Trump schrieb weiter, Mullin werde unermüdlich daran arbeiten, die US-Grenze zu sichern und "Mörder und andere Kriminelle" aus dem Land zu halten. Zudem werde er den illegalen Drogenhandel beenden.

Mullin sagte, er fühle sich geehrt und wolle sein Bestes geben, um die USA zu schützen. Der 48-Jährige sitzt seit 2013 im Kongress. Er ist ein früherer Mixed-Martial-Arts-Kämpfer und gehört wie Noem Trumps Maga-Bewegung an (Make America Great Again, Macht Amerika wieder großartig). Der Chef des Klempnerei-Familienbetriebs Mullin Plumbing beschreibt sich auf seiner Webseite als "erfolgreicher Unternehmer, aktiver Kuh- und Kalb-Rancher und seit 28 Jahren stolzer Ehemann" und sechsfacher Vater.

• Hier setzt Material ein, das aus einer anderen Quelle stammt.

theorem mainTheorem6:
  fixes G :: "('a, 'b) monoid_scheme" and \<psi> :: "'a \<Rightarrow> 'a"
  assumes "group G"
    and "\<psi> \<in> hom G G"
    and "\<psi> ` comm_subgroup G (endo_comm G \<psi>) (carrier G) \<subseteq> group_center G"
  shows "is_YBE_solution (carrier G) (YBE_r1 G \<psi>) \<and> nondegenerate (carrier G) (YBE_r1 G \<psi>)
     \<and> is_YBE_solution (carrier G) (YBE_r2 G \<psi>) \<and> nondegenerate (carrier G) (YBE_r2 G \<psi>)
     \<and> is_YBE_solution (carrier G) (YBE_r3 G \<psi>) \<and> nondegenerate (carrier G) (YBE_r3 G \<psi>)
     \<and> is_YBE_solution (carrier G) (YBE_r4 G \<psi>) \<and> nondegenerate (carrier G) (YBE_r4 G \<psi>)
     \<and> (\<forall>p \<in> Sigma (carrier G) (\<lambda>_. carrier G). YBE_r1 G \<psi> (YBE_r2 G \<psi> p) = p \<and> YBE_r2 G \<psi> (YBE_r1 G \<psi> p) = p)
     \<and> ((\<forall>p \<in> Sigma (carrier G) (\<lambda>_. carrier G). YBE_r1 G \<psi> p = YBE_r2 G \<psi> p) \<longleftrightarrow> comm_group G)
     \<and> (\<forall>p \<in> Sigma (carrier G) (\<lambda>_. carrier G). YBE_r3 G \<psi> (YBE_r4 G \<psi> p) = p \<and> YBE_r4 G \<psi> (YBE_r3 G \<psi> p) = p)
     \<and> ((\<forall>p \<in> Sigma (carrier G) (\<lambda>_. carrier G). YBE_r3 G \<psi> p = YBE_r4 G \<psi> p) \<longleftrightarrow>
         (\<forall>g \<in> carrier G. \<forall>h \<in> carrier G.
            g \<otimes>\<^bsub>G\<^esub> inv\<^bsub>G\<^esub> (\<psi> g) \<otimes>\<^bsub>G\<^esub> h \<otimes>\<^bsub>G\<^esub> \<psi> g
            = h \<otimes>\<^bsub>G\<^esub> inv\<^bsub>G\<^esub> (\<psi> h) \<otimes>\<^bsub>G\<^esub> g \<otimes>\<^bsub>G\<^esub> \<psi> h))"
proof -
  have "\<psi> (comm G a k) \<in> group_center G" if "a \<in> endo_comm G \<psi>" "k \<in> carrier G" for a k
    using assms(3) that unfolding comm_subgroup_def by (blast intro: generate.incl)
  then interpret YBE_endomorphism G \<psi>
    using assms(1,2) by (simp add: YBE_endomorphism_def YBE_endomorphism_axioms_def)
  show ?thesis
    using YBE_r1_solution YBE_r1_nondegenerate YBE_r2_solution YBE_r2_nondegenerate
      YBE_r3_solution YBE_r3_nondegenerate YBE_r4_solution YBE_r4_nondegenerate
      YBE_r1_eq_r2_iff_comm_group YBE_r3_eq_r4_iff
    by (auto simp: YBE_r1_r2 YBE_r2_r1 YBE_r3_r4 YBE_r4_r3)
qed

end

Die oppositionellen Demokraten feierten Noems Rauswurf als Ministerin. "Auf Nimmerwiedersehen - sie war eine Katastrophe", erklärte der Minderheitsführer der Partei im Repräsentantenhaus, Hakeem Jeffries. Ein Personalwechsel reiche allerdings nicht aus, betonte er. "Wir brauchen einen Politikwechsel."

Noems Abgang könnte eine Einigung im Budgetstreit um das Heimatschutzministerium erleichtern. Wegen der brutalen Einsätze der Einwanderungsbehörde ICE unter Noems Führung hatten die Demokraten weitere Finanzmittel für ihr Ministerium blockiert. Sie forderten neben Noems Rücktritt auch umfangreiche Reformen bei ICE, wie etwa ein Maskenverbot.

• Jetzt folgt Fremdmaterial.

lemma quot_lift_in_homs_with_Gamma:
  assumes G: "digraph G" and \<eta>: "\<eta> \<in> strict_homs (quot G \<xi>) T"
  shows "quot_lift G \<xi> \<eta> \<in> homs_with_Gamma G T \<xi>"
proof -
  let ?\<zeta> = "quot_lift G \<xi> \<eta>"
  have \<eta>_ext: "\<eta> \<in> Gamma G \<xi> ` verts G \<rightarrow>\<^sub>E verts T"
    using \<eta> by (simp add: strict_homs_def homs_def verts_quot)
  have \<eta>_arcs: "(\<eta> (Gamma G \<xi> x), \<eta> (Gamma G \<xi> y)) \<in> arcs T \<and>
      (Gamma G \<xi> x \<noteq> Gamma G \<xi> y \<longrightarrow> \<eta> (Gamma G \<xi> x) \<noteq> \<eta> (Gamma G \<xi> y))"
    if "(x,y) \<in> arcs G" for x y
    using \<eta> arc_quotI[OF G that] unfolding strict_homs_def homs_def by blast
  have "?\<zeta> \<in> verts G \<rightarrow>\<^sub>E verts T"
    using \<eta>_ext by (auto simp: quot_lift_def)
  moreover have "(?\<zeta> x, ?\<zeta> y) \<in> arcs T" if "(x,y) \<in> arcs G" for x y
    using \<eta>_arcs[OF that] digraph_arcsD[OF G that] by (simp add: quot_lift_def)
  ultimately have "?\<zeta> \<in> homs G T"
    by (auto simp: homs_def)
  moreover have "Gamma G ?\<zeta> v = Gamma G \<xi> v" if "v \<in> verts G" for v
  proof (rule Gamma_eq_if_constant_and_separating[OF that])
    show "?\<zeta> x = ?\<zeta> v" if "v \<in> verts G" "x \<in> Gamma G \<xi> v" for v x
    proof -
      have "x \<in> verts G" "Gamma G \<xi> x = Gamma G \<xi> v"
        using Gamma_memD[OF that(2)] Gamma_eq[OF that] by simp_all
      with that(1) show ?thesis by (simp add: quot_lift_def)
    qed
    show "?\<zeta> x \<noteq> ?\<zeta> y" if "x \<in> verts G" "y \<in> verts G" "adjacent G x y"
      "Gamma G \<xi> x \<noteq> Gamma G \<xi> y" for x y
      using that \<eta>_arcs[of x y] \<eta>_arcs[of y x] by (auto simp: adjacent_def quot_lift_def)
  qed
  ultimately show ?thesis by (simp add: homs_with_Gamma_def)
qed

Noem soll nach Trumps Angaben Sondergesandte einer neuen Sicherheitsinitiative werden, die "The Shield of the Americas" heißen soll (etwa: Schild Amerikas) heißen soll. Trump will sie am Samstag in Florida auf einem Gipfel mit verbündeten lateinamerikanischen Ländern vorstellen.

Ein Ende von Trumps Massenabschiebungen ist dagegen nicht zu erwarten. Umfragen zufolge ist eine Mehrheit der US-Bürger weiter für den Kurs, auch wenn allzu brutale Auswüchse auf Kritik stoßen. Das Heimatschutzministerium hatte im vergangenen Jahr nach eigenen Angaben mehr als 675.000 Menschen abgeschoben. Rund 2,2 Millionen "illegale Ausländer" hätten die USA freiwillig verlassen, hieß es.